Optionally, a statistical analysis of the cardiac parameters is calculated. For example, the cardiac parameter(s) includes VTI (E+A) diastolic inflow that follows the stroke volume (SV), and the statistical analysis includes calculating stroke volume variability (SVV), a predictor for fluid responsiveness in ventilated/anesthetized patients, according to a pulse-contour analysis and aortic Doppler for beat-by-beat measurement. The SVV is optionally calculated from the stroke volume values over a few respiration cycles, optionally 6 seconds each, where a value reflects a ratio between minimal and maximal SV in percentage.

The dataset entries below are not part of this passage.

(* The following problem is decidable: given an ISRL $IS$ with model $M$, a formula $\varphi$ of the $A\bar BN$ fragment of EHS$^{+}$, and an interval $I$ of $M$, decide whether $M,I\models_B\varphi$.
   Context: **Regular expressions.** For a finite alphabet $X$, $RE_X$ is the set of regular expressions $e ::= \emptyset \mid \epsilon \mid s \mid e;e \mid e+e \mid e^*$ with $s\in X$. $L(e)$ denotes the standard language of $e$; $|e|$ is the number of symbols of $e$. **ISRL.** Fix agents $A=\{0,\dots,m\}$ and a finite set $\mathit{Var}$ of propositional variables. An ISRL is $IS=(\{L_i\},\{l_i^0\},\{ACT_i\},\{P_i\},\{t_i\},\lambda)$ where, for each $i\in A$: - $L_i$ is a finite set of local states and $l_i^0\in L_i$; - $ACT_i$ is a finite set of actions and $P_i:L_i\to 2^{ACT_i}$; - $t_i\subseteq L_i\times ACT\times L_i$, with $ACT=ACT_0\times\dots\times ACT_m$; - $\lambda:\mathit{Var}\to RE_G$, where $G=L_0\times\dots\times L_m$. $t^G((l_0,\dots,l_m),(l'_0,\dots,l'_m))$ holds iff some $(a_0,\dots,a_m)\in ACT$ has $a_i\in P_i(l_i)$ and $(l_i,(a_0,\dots,a_m),l'_i)\in t_i$ for all $i$. **Model of $IS$.** - States $S$ are the nonempty sequences $g_0\dots g_k$ with $g_0=(l_0^0,\dots,l_m^0)$ and $t^G(g_j,g_{j+1})$ for all $j<k$. - $t(g_0\dots g_k,g'_0\dots g'_l)$ iff $l=k+1$ and $g_j=g'_j$ for all $j\le k$. - $g_0\dots g_k\sim_i g'_0\dots g'_l$ iff $g_k,g'_l$ have the same $i$-th component. - $\mathrm{g}(g_0\dots g_k)=g_k$. **Intervals.** An interval is a nonempty sequence $I=s_1\dots s_n$ of states with $t(s_j,s_{j+1})$; $|I|=n$, $\mathit{first}(I)=s_1$, $\mathit{last}(I)=s_n$, $\mathrm{g}(I)=\mathrm{g}(s_1)\dots\mathrm{g}(s_n)$, and $\mathit{pi}(I)$ iff $n=1$. **Indistinguishability.** $I=s_1\dots s_k\sim_i s'_1\dots s'_l$ iff $k=l$ and $s_j\sim_i s'_j$ for all $j$; $\sim_\Gamma$ is the transitive closure of $\bigcup_{i\in\Gamma}\sim_i$. **Relations used:** - $I R_A I'$ iff $\mathit{first}(I')=\mathit{last}(I)$; - $I R_{\bar B} I'$ iff $I'=II_1$ for some interval $I_1$; - $I R_N I'$ iff $t(\mathit{last}(I),\mathit{first}(I'))$. **$A\bar BN$ fragment of EHS$^{+}$.** Syntax: $\varphi::=\mathit{pi}\mid p\mid\neg\varphi\mid\varphi\wedge\varphi\mid K_i\varphi\mid C_\Gamma\varphi\mid\langle A\rangle\varphi\mid\langle\bar B\rangle\varphi\mid\langle N\rangle\varphi$, with $p\in\mathit{Var}$, $i\in A$, $\Gamma\subseteq A$. **Top-level sub-formulas.** A top-level sub-formula of $\varphi$ is a sub-formula of the form $X\psi$ with $X\in\{K_i,C_\Gamma,\langle A\rangle,\langle\bar B\rangle,\langle N\rangle\}$ that is not in the scope of any modality. **The bound $f^{IS}$.** Define recursively $$f^{IS}(\varphi)=\Big(2|G|^2\prod_{q\in\mathit{Var}}2^{|\lambda(q)|}\Big)\cdot 2^{f^{IS}(\varphi_1)}\cdots 2^{f^{IS}(\varphi_k)},$$ where $X_1\varphi_1,\dots,X_k\varphi_k$ are the top-level sub-formulas of $\varphi$. **Bounded semantics $\models_B$:** - $M,I\models_B\mathit{pi}$ iff $|I|=1$; - $M,I\models_B p$ iff $\mathrm{g}(I)\in L(\lambda(p))$; - Boolean connectives as usual; - $M,I\models_B K_i\varphi$ iff $M,I'\models_B\varphi$ for all $I'\sim_i I$; - $M,I\models_B C_\Gamma\varphi$ iff $M,I'\models_B\varphi$ for all $I'\sim_\Gamma I$; - for $X\in\{A,\bar B,N\}$: $M,I\models_B\langle X\rangle\varphi$ iff there is an interval $I'$ with $|I'|\le|I|+f^{IS}(\varphi)$, $I R_X I'$ and $M,I'\models_B\varphi$. *)

theory Defs
  imports Main "HOL-Library.Nat_Bijection"
begin

section \<open>Model of computation: Kleene partial recursive functions on nat\<close>

datatype recf = Zr | Sc | Id nat | Cn recf "recf list" | Pr recf recf | Mn recf

inductive evals :: "recf \<Rightarrow> nat list \<Rightarrow> nat \<Rightarrow> bool" where
  ev_Zr: "evals Zr xs 0"
| ev_Sc: "evals Sc (x # xs) (Suc x)"
| ev_Id: "k < length xs \<Longrightarrow> evals (Id k) xs (xs ! k)"
| ev_Cn: "list_all2 (\<lambda>g y. evals g xs y) gs ys \<Longrightarrow> evals f ys z \<Longrightarrow> evals (Cn f gs) xs z"
| ev_Pr0: "evals f xs y \<Longrightarrow> evals (Pr f g) (0 # xs) y"
| ev_PrS: "evals (Pr f g) (x # xs) r \<Longrightarrow> evals g (x # r # xs) y \<Longrightarrow> evals (Pr f g) (Suc x # xs) y"
| ev_Mn: "evals f (y # xs) 0 \<Longrightarrow> (\<forall>z<y. \<exists>v. evals f (z # xs) v \<and> 0 < v) \<Longrightarrow> evals (Mn f) xs y"

datatype 'a rexp = RZero | ROne | RAtom 'a | RTimes "'a rexp" "'a rexp" | RPlus "'a rexp" "'a rexp"
  | RStar "'a rexp"

fun lang :: "'a rexp \<Rightarrow> 'a list set" where
  "lang RZero = {}"
| "lang ROne = {[]}"
| "lang (RAtom a) = {[a]}"
| "lang (RTimes e1 e2) = {u @ v | u v. u \<in> lang e1 \<and> v \<in> lang e2}"
| "lang (RPlus e1 e2) = lang e1 \<union> lang e2"
| "lang (RStar e) = {concat ws | ws. \<forall>w\<in>set ws. w \<in> lang e}"

fun rsize :: "'a rexp \<Rightarrow> nat" where
  "rsize RZero = 1"
| "rsize ROne = 1"
| "rsize (RAtom a) = 1"
| "rsize (RTimes e1 e2) = rsize e1 + rsize e2 + 1"
| "rsize (RPlus e1 e2) = rsize e1 + rsize e2 + 1"
| "rsize (RStar e) = rsize e + 1"

fun ratoms :: "'a rexp \<Rightarrow> 'a set" where
  "ratoms RZero = {}"
| "ratoms ROne = {}"
| "ratoms (RAtom a) = {a}"
| "ratoms (RTimes e1 e2) = ratoms e1 \<union> ratoms e2"
| "ratoms (RPlus e1 e2) = ratoms e1 \<union> ratoms e2"
| "ratoms (RStar e) = ratoms e"

section \<open>Interpreted systems with regular labelling (finite, concrete representation)\<close>

text \<open>Agents are 0..nag; agent i has local states {0..<locs!i}, initial state init!i,
  actions {0..<acts!i}, protocol prot!i!l (list of allowed actions in local state l),
  local transition relation trans!i (triples (l, joint action, l')).
  Global states are lists of local states of length nag+1.
  Propositional variables are 0..<length lam, labelled by lam!q :: global-state regular expression.\<close>
record isrl =
  nag :: nat
  locs :: "nat list"
  init :: "nat list"
  acts :: "nat list"
  prot :: "nat list list list"
  trans :: "(nat \<times> nat list \<times> nat) list list"
  lam :: "nat list rexp list"

definition gstates :: "isrl \<Rightarrow> nat list set" where
  "gstates IS = {g. length g = Suc (nag IS) \<and> (\<forall>i\<le>nag IS. g ! i < locs IS ! i)}"

definition jactions :: "isrl \<Rightarrow> nat list set" where
  "jactions IS = {a. length a = Suc (nag IS) \<and> (\<forall>i\<le>nag IS. a ! i < acts IS ! i)}"

definition wf_isrl :: "isrl \<Rightarrow> bool" where
  "wf_isrl IS \<longleftrightarrow>
     length (locs IS) = Suc (nag IS) \<and> length (init IS) = Suc (nag IS) \<and>
     length (acts IS) = Suc (nag IS) \<and> length (prot IS) = Suc (nag IS) \<and>
     length (trans IS) = Suc (nag IS) \<and>
     (\<forall>i\<le>nag IS. init IS ! i < locs IS ! i \<and>
        length (prot IS ! i) = locs IS ! i \<and>
        (\<forall>l < locs IS ! i. \<forall>a\<in>set (prot IS ! i ! l). a < acts IS ! i) \<and>
        (\<forall>(l, a, l')\<in>set (trans IS ! i). l < locs IS ! i \<and> l' < locs IS ! i \<and> a \<in> jactions IS)) \<and>
     (\<forall>q<length (lam IS). ratoms (lam IS ! q) \<subseteq> gstates IS)"

definition tG :: "isrl \<Rightarrow> nat list \<Rightarrow> nat list \<Rightarrow> bool" where
  "tG IS g g' \<longleftrightarrow> g \<in> gstates IS \<and> g' \<in> gstates IS \<and>
     (\<exists>a\<in>jactions IS. \<forall>i\<le>nag IS. a ! i \<in> set (prot IS ! i ! (g ! i)) \<and>
        (g ! i, a, g' ! i) \<in> set (trans IS ! i))"

text \<open>States of the model: nonempty runs from the initial global state.\<close>
definition isState :: "isrl \<Rightarrow> nat list list \<Rightarrow> bool" where
  "isState IS s \<longleftrightarrow> s \<noteq> [] \<and> hd s = init IS \<and> (\<forall>j. Suc j < length s \<longrightarrow> tG IS (s ! j) (s ! Suc j))"

definition tr :: "isrl \<Rightarrow> nat list list \<Rightarrow> nat list list \<Rightarrow> bool" where
  "tr IS s s' \<longleftrightarrow> isState IS s \<and> isState IS s' \<and> length s' = Suc (length s) \<and> take (length s) s' = s"

definition simS :: "isrl \<Rightarrow> nat \<Rightarrow> nat list list \<Rightarrow> nat list list \<Rightarrow> bool" where
  "simS IS i s s' \<longleftrightarrow> isState IS s \<and> isState IS s' \<and> last s ! i = last s' ! i"

definition isInterval :: "isrl \<Rightarrow> nat list list list \<Rightarrow> bool" where
  "isInterval IS I \<longleftrightarrow> I \<noteq> [] \<and> (\<forall>s\<in>set I. isState IS s) \<and>
     (\<forall>j. Suc j < length I \<longrightarrow> tr IS (I ! j) (I ! Suc j))"

definition simI :: "isrl \<Rightarrow> nat \<Rightarrow> nat list list list \<Rightarrow> nat list list list \<Rightarrow> bool" where
  "simI IS i I I' \<longleftrightarrow> isInterval IS I \<and> isInterval IS I' \<and> length I = length I' \<and>
     (\<forall>j<length I. simS IS i (I ! j) (I' ! j))"

definition simC :: "isrl \<Rightarrow> nat set \<Rightarrow> nat list list list \<Rightarrow> nat list list list \<Rightarrow> bool" where
  "simC IS \<Gamma> = tranclp (\<lambda>I I'. \<exists>i\<in>\<Gamma>. simI IS i I I')"

definition gseq :: "nat list list list \<Rightarrow> nat list list" where
  "gseq I = map last I"

section \<open>The A Bbar N fragment of EHS+\<close>

datatype form = Pi | Prop nat | Neg form | And form form | K nat form | C "nat list" form
  | DiaA form | DiaBbar form | DiaN form

fun wf_form :: "isrl \<Rightarrow> form \<Rightarrow> bool" where
  "wf_form IS Pi = True"
| "wf_form IS (Prop p) = (p < length (lam IS))"
| "wf_form IS (Neg a) = wf_form IS a"
| "wf_form IS (And a b) = (wf_form IS a \<and> wf_form IS b)"
| "wf_form IS (K i a) = (i \<le> nag IS \<and> wf_form IS a)"
| "wf_form IS (C G a) = ((\<forall>i\<in>set G. i \<le> nag IS) \<and> wf_form IS a)"
| "wf_form IS (DiaA a) = wf_form IS a"
| "wf_form IS (DiaBbar a) = wf_form IS a"
| "wf_form IS (DiaN a) = wf_form IS a"

text \<open>top-level sub-formulas (modal sub-formulas not in the scope of any modality)\<close>
fun tops :: "form \<Rightarrow> form list" where
  "tops Pi = []"
| "tops (Prop p) = []"
| "tops (Neg a) = tops a"
| "tops (And a b) = tops a @ tops b"
| "tops \<phi> = [\<phi>]"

Optionally, the measured cardiac parameters include timing between events. Such cardiac parameters may include isovolumetric relaxation time (IVRT), isovolumetric contraction time (IVCT), and/or a delay time between the onset of E and the onset of E′, for example see Te-e′ in FIG. 15. In TDI quantitative measurement of E/E′, the heart rate is assumed to be steady between measurements of E and E′ in order for the ratio E/E′ to be meaningful. In pathologies of rhythm disturbance, conventional TDI is inadequate because blood and tissue velocities are not recorded for the same heartbeat and the ratio E/E′ is meaningless. The ASE recommendations teach on a very promising method to identify elevated filling pressures by looking at the time delay (Te-e′) between the onset of E and E′. According to a series of studies instructed on the relation between Te-e′ and the relaxation coefficient of the myocardial wall (tau) and further showed very good correlation between the inverse of Te-e′ and filling pressure. It should be noted that for certain subgroups of patients, such a correlation is superior in relation to an E/E′ ratio correlation. However, in practice this measurement is very complicated because with conventional echo scanners the timing of these events (the onset of E and the onset of E′) can only be determined relative to the ECG QRS complex. This is because conventional echo requires the user to change the mode from standard (blood) to tissue Doppler between measurements and simultaneous measurement of tissue and blood Doppler are not available.

A generic measurement that can be done in various ways is the measurement of isovolumetric contraction time (IVCT) and isovolumetric relaxation time (IVCT). The IVCT is the time between the closing of mitral valve (end of late transmitral flow) and the opening of the aortic valve (onset of systolic flow), whereas the IVRT is the time difference between the closing of the aortic valve and the opening of the mitral valve (onset of early diastole filling). These measurements, conventionally done in a 5 chambers views and placing the sample between the levels of the aortic and the mitral valves and looking at the timing of systolic outflow and diastole early and late inflow. Alternatively, the clicking (audio closing sound) of the valves can be used to identify the end of systole. Alternatively, the timing of the iso-volumetric periods can be measured directly from their recognized (sinus) pattern in the tissue Doppler traces.

Optionally, the measured cardiac parameters include indices which are calculated based on time measurements such as Tei index, which is an echocardiographic index of combined systolic and diastole function, calculated as isovolumetric relaxation time plus isovolumetric contraction time divided by ejection time.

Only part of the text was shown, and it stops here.